The Atlantic Research decision uses the term “voluntary” at times, but does not define the term or use it literally.  After all, only parties that do not have liability under CERCLA or other regulatory schemes truly engage in “voluntary” response actions. Rather, in Atlantic Research and its progeny the term “voluntary” is simply used to draw a contrast with private parties who have been sued under CERCLA §§106 or 107(a) and, therefore, pursuant to Cooper Industries, qualify to seek contribution from other liable parties under CERCLA §113.  Despite the Court’s use of the terms “voluntary” and “involuntary” to distinguish between payments recoverable under §107(a) and those recoverable under §113(f), the operative principle appears to be that §107(a) is available to recover payments only in cases where §113(f) is not. This is what a federal district trial court concluded recently in Appleton Papers Inc. v. George A. Whiting Paper Co., No. 08-C-16, 2008 WL 3891304 (E.D.Wis. Aug. 20, 2008).  In E.I. Dupont de Nemours & Co. v. United States, 508 F.3d 126 (3d Cir. 2007), the Third Circuit distinguished between “those who voluntarily admitted their responsibility” and those who have “in fact been held responsible (via adjudication or settlement with the EPA)” in discussing who may bring an action under CERCLA §107(f). Id at 133. Therefore, a PRP who conducts a dialog with a regulatory agency concerning how best to clean up a site does not make the PRP who admits liability and accepts responsibility any less a volunteer under CERCLA and applicable case law. In Champion Laboratories, Inc. v. Metex Corp., No. 02-5284, 2008 WL 1808309 (D.N.J. Apr. 21, 2008), the Hon. William H. Walls held that a plaintiff undergoing an ISRA  cleanup in New Jersey could pursue a CERCLA §107 claim.. The New Jersey district court clearly  did not find the pendency of an ISRA cleanup any impediment to plaintiff’s pursuit of a CERCLA §107 claim. The whole point of the Atlantic Research decision is that PRPs may, without regard to their own disposal activity, avail themselves of CERCLA §107.
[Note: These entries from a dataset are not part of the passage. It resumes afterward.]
lemma coeq_rel_join:
  assumes xx': "coeq_rel A B f g x x'" and yy': "coeq_rel A B f g y y'"
  shows "coeq_rel A B f g (bjoin B x y) (bjoin B x' y')"
proof -
  have car: "x' \<in> bcar B" "y \<in> bcar B" "y' \<in> bcar B"
    using coeq_rel_carrier[OF xx'] coeq_rel_carrier[OF yy'] by auto
  have "coeq_rel A B f g (bjoin B y x') (bjoin B y' x')"
    by (rule cjoin[OF yy' car(1)])
  then have "coeq_rel A B f g (bjoin B x' y) (bjoin B x' y')"
    using bmodule_comm[OF B car(1,2)] bmodule_comm[OF B car(1,3)] by simp
  with cjoin[OF xx' car(2)] show ?thesis
    by (rule ctrans)
qed

lemma coeq_join:
  assumes "b \<in> bcar B" "b' \<in> bcar B"
  shows "bjoin (coeq A B f g) (coeq_proj A B f g b) (coeq_proj A B f g b') = coeq_proj A B f g (bjoin B b b')"
proof -
  have "coeq_rel A B f g (bjoin B b b') u \<longleftrightarrow>
      (\<exists>x y. coeq_rel A B f g b x \<and> coeq_rel A B f g b' y \<and> coeq_rel A B f g (bjoin B x y) u)" for u
  proof
    assume "coeq_rel A B f g (bjoin B b b') u"
    with assms show "\<exists>x y. coeq_rel A B f g b x \<and> coeq_rel A B f g b' y \<and> coeq_rel A B f g (bjoin B x y) u"
      by (blast intro: crefl)
  next
    assume "\<exists>x y. coeq_rel A B f g b x \<and> coeq_rel A B f g b' y \<and> coeq_rel A B f g (bjoin B x y) u"
    then show "coeq_rel A B f g (bjoin B b b') u"
      by (blast intro: coeq_rel_join ctrans)
  qed
  then show ?thesis
    by (simp add: coeq_def coeq_proj_def)
qed

lemma bmodule_coeq: "bmodule (coeq A B f g)"
  by (rule bmodule_surj_image[OF B]) (simp_all add: coeq_join)

lemma bhom_coeq_proj: "bhom B (coeq A B f g) (coeq_proj A B f g)"
  unfolding bhom_def by (simp add: coeq_join)

end

lemma lmap_coeq_proj_eq:
  assumes "r \<in> tgens A M"
  shows "lmap (coeq_proj A B f g) (lmap f r) = lmap (coeq_proj A B f g) (lmap g r)"
proof -
  have "coeq_proj A B f g (f a) = coeq_proj A B f g (g a)" if "(a, m) \<in> r" for a m
    using that assms by (intro coeq_proj_eqI cbase) (auto simp: tgens_iff)
  then show ?thesis
    unfolding lmap_def image_image by (intro image_cong) (auto simp: map_prod_def)
qed

text \<open>The comparison map \<open>coeq (f \<otimes> M) (g \<otimes> M) \<rightarrow> coeq f g \<otimes> M\<close>: all elements of a class \<open>Z\<close> have
  the same image under \<open>coeq_proj \<otimes> M\<close>, and the union picks out this common image.\<close>
definition coeq_compare ::
    "'a bmod \<Rightarrow> 'b bmod \<Rightarrow> ('a \<Rightarrow> 'b) \<Rightarrow> ('a \<Rightarrow> 'b) \<Rightarrow> 'm bmod \<Rightarrow> ('b \<times> 'm) set set set \<Rightarrow> ('b set \<times> 'm) set set"
  where "coeq_compare A B f g M = (\<lambda>Z. \<Union>X\<in>Z. tmap (coeq A B f g) M (coeq_proj A B f g) X)"

context
  fixes A :: "'a bmod" and B :: "'b bmod" and f g :: "'a \<Rightarrow> 'b" and M :: "'m bmod"
  assumes A: "bmodule A" and B: "bmodule B" and f: "bhom A B f" and g: "bhom A B g"
    and M: "bmodule M"
begin

lemma coeq_rel_tensor_singleton:
  assumes m: "m \<in> bcar M"
  shows "coeq_rel A B f g b b' \<Longrightarrow>
    coeq_rel (tensor A M) (tensor B M) (tmap B M f) (tmap B M g) (tclass B M {(b, m)}) (tclass B M {(b', m)})"
proof (induction rule: coeq_rel.induct)
  case (crefl b)
  then show ?case using m by (intro coeq_rel.crefl) (simp add: tensor_carrier)
next
  case (csym x y)
  from csym.IH show ?case by (rule coeq_rel.csym)
next
  case (ctrans x y z)
  from ctrans.IH show ?case by (rule coeq_rel.ctrans)
next
  case (cjoin x y z)
  have car: "x \<in> bcar B" "y \<in> bcar B" using coeq_rel_carrier[OF B f g cjoin.hyps(1)] by auto
  have "tclass B M {(bjoin B u z, m)} = bjoin (tensor B M) (tclass B M {(u, m)}) (tclass B M {(z, m)})"
    if "u \<in> bcar B" for u
    using tclass_eqI[OF tleft[OF that cjoin.hyps(2) m]] that cjoin.hyps(2) m
    by (simp add: tensor_join[OF B M] insert_commute)
  moreover have "tclass B M {(z, m)} \<in> bcar (tensor B M)"
    using cjoin.hyps(2) m by (simp add: tensor_carrier)
  ultimately show ?case
    using coeq_rel.cjoin[OF cjoin.IH] car by simp
next
  case (cbase a)
  then have "{(a, m)} \<in> tgens A M" using m by simp
  then show ?case
    using coeq_rel.cbase[of "tclass A M {(a, m)}" "tensor A M" "tensor B M" "tmap B M f" "tmap B M g"]
    by (simp add: tensor_carrier tmap_tclass[OF f] tmap_tclass[OF g])
qed

lemma coeq_rel_tensor_image:
  assumes "finite G" "\<And>x. x \<in> G \<Longrightarrow> m x \<in> bcar M" "\<And>x. x \<in> G \<Longrightarrow> coeq_rel A B f g (v x) (w x)"
  shows "coeq_rel (tensor A M) (tensor B M) (tmap B M f) (tmap B M g)
    (tclass B M ((\<lambda>x. (v x, m x)) ` G)) (tclass B M ((\<lambda>x. (w x, m x)) ` G))"
  using assms
proof (induction G rule: finite_induct)
  case empty
  show ?case by (simp add: coeq_rel.crefl tensor_carrier)
next
  case (insert x G)
  have split: "tclass B M ((\<lambda>x. (u x, m x)) ` insert x G) =
      bjoin (tensor B M) (tclass B M {(u x, m x)}) (tclass B M ((\<lambda>x. (u x, m x)) ` G))"
    if "\<And>y. y \<in> insert x G \<Longrightarrow> u y \<in> bcar B" for u
    using that insert.hyps(1) insert.prems(1) by (simp add: tensor_join[OF B M] tgens_iff image_subset_iff)
  have "coeq_rel (tensor A M) (tensor B M) (tmap B M f) (tmap B M g)
      (bjoin (tensor B M) (tclass B M {(v x, m x)}) (tclass B M ((\<lambda>x. (v x, m x)) ` G)))
      (bjoin (tensor B M) (tclass B M {(w x, m x)}) (tclass B M ((\<lambda>x. (w x, m x)) ` G)))"
    using insert
    by (intro coeq_rel_join[OF bmodule_tensor[OF B M] bhom_tmap[OF A B M f] bhom_tmap[OF A B M g]]
        coeq_rel_tensor_singleton) auto
  moreover have "\<And>y. y \<in> insert x G \<Longrightarrow> v y \<in> bcar B \<and> w y \<in> bcar B"
    using coeq_rel_carrier[OF B f g] insert.prems(2) by blast
  ultimately show ?case
    using split[of v] split[of w] by simp
qed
Nothing in CERCLA §107(a)(4)(B) or any decision post-Atlantic Research conditions a party’s eligibility to bring a cost recovery action under CERCLA §107(a)(4)(B) on that party’s response action having been purely voluntary. Any other interpretation of “voluntariness” under CERCLA, if adopted, would have the anomalous result of barring the doors of the courthouse to CERCLA plaintiffs who cannot bring a CERCLA §113 claim (having not been the prior subject of a §106 or §107 claim by the United States), but whose cleanup may not have been “voluntary” in the strictest sense. It was clearly not the intention of Atlantic Research to limit access to the courthouse to only a restricted sub-class of CERCLA §107 plaintiffs.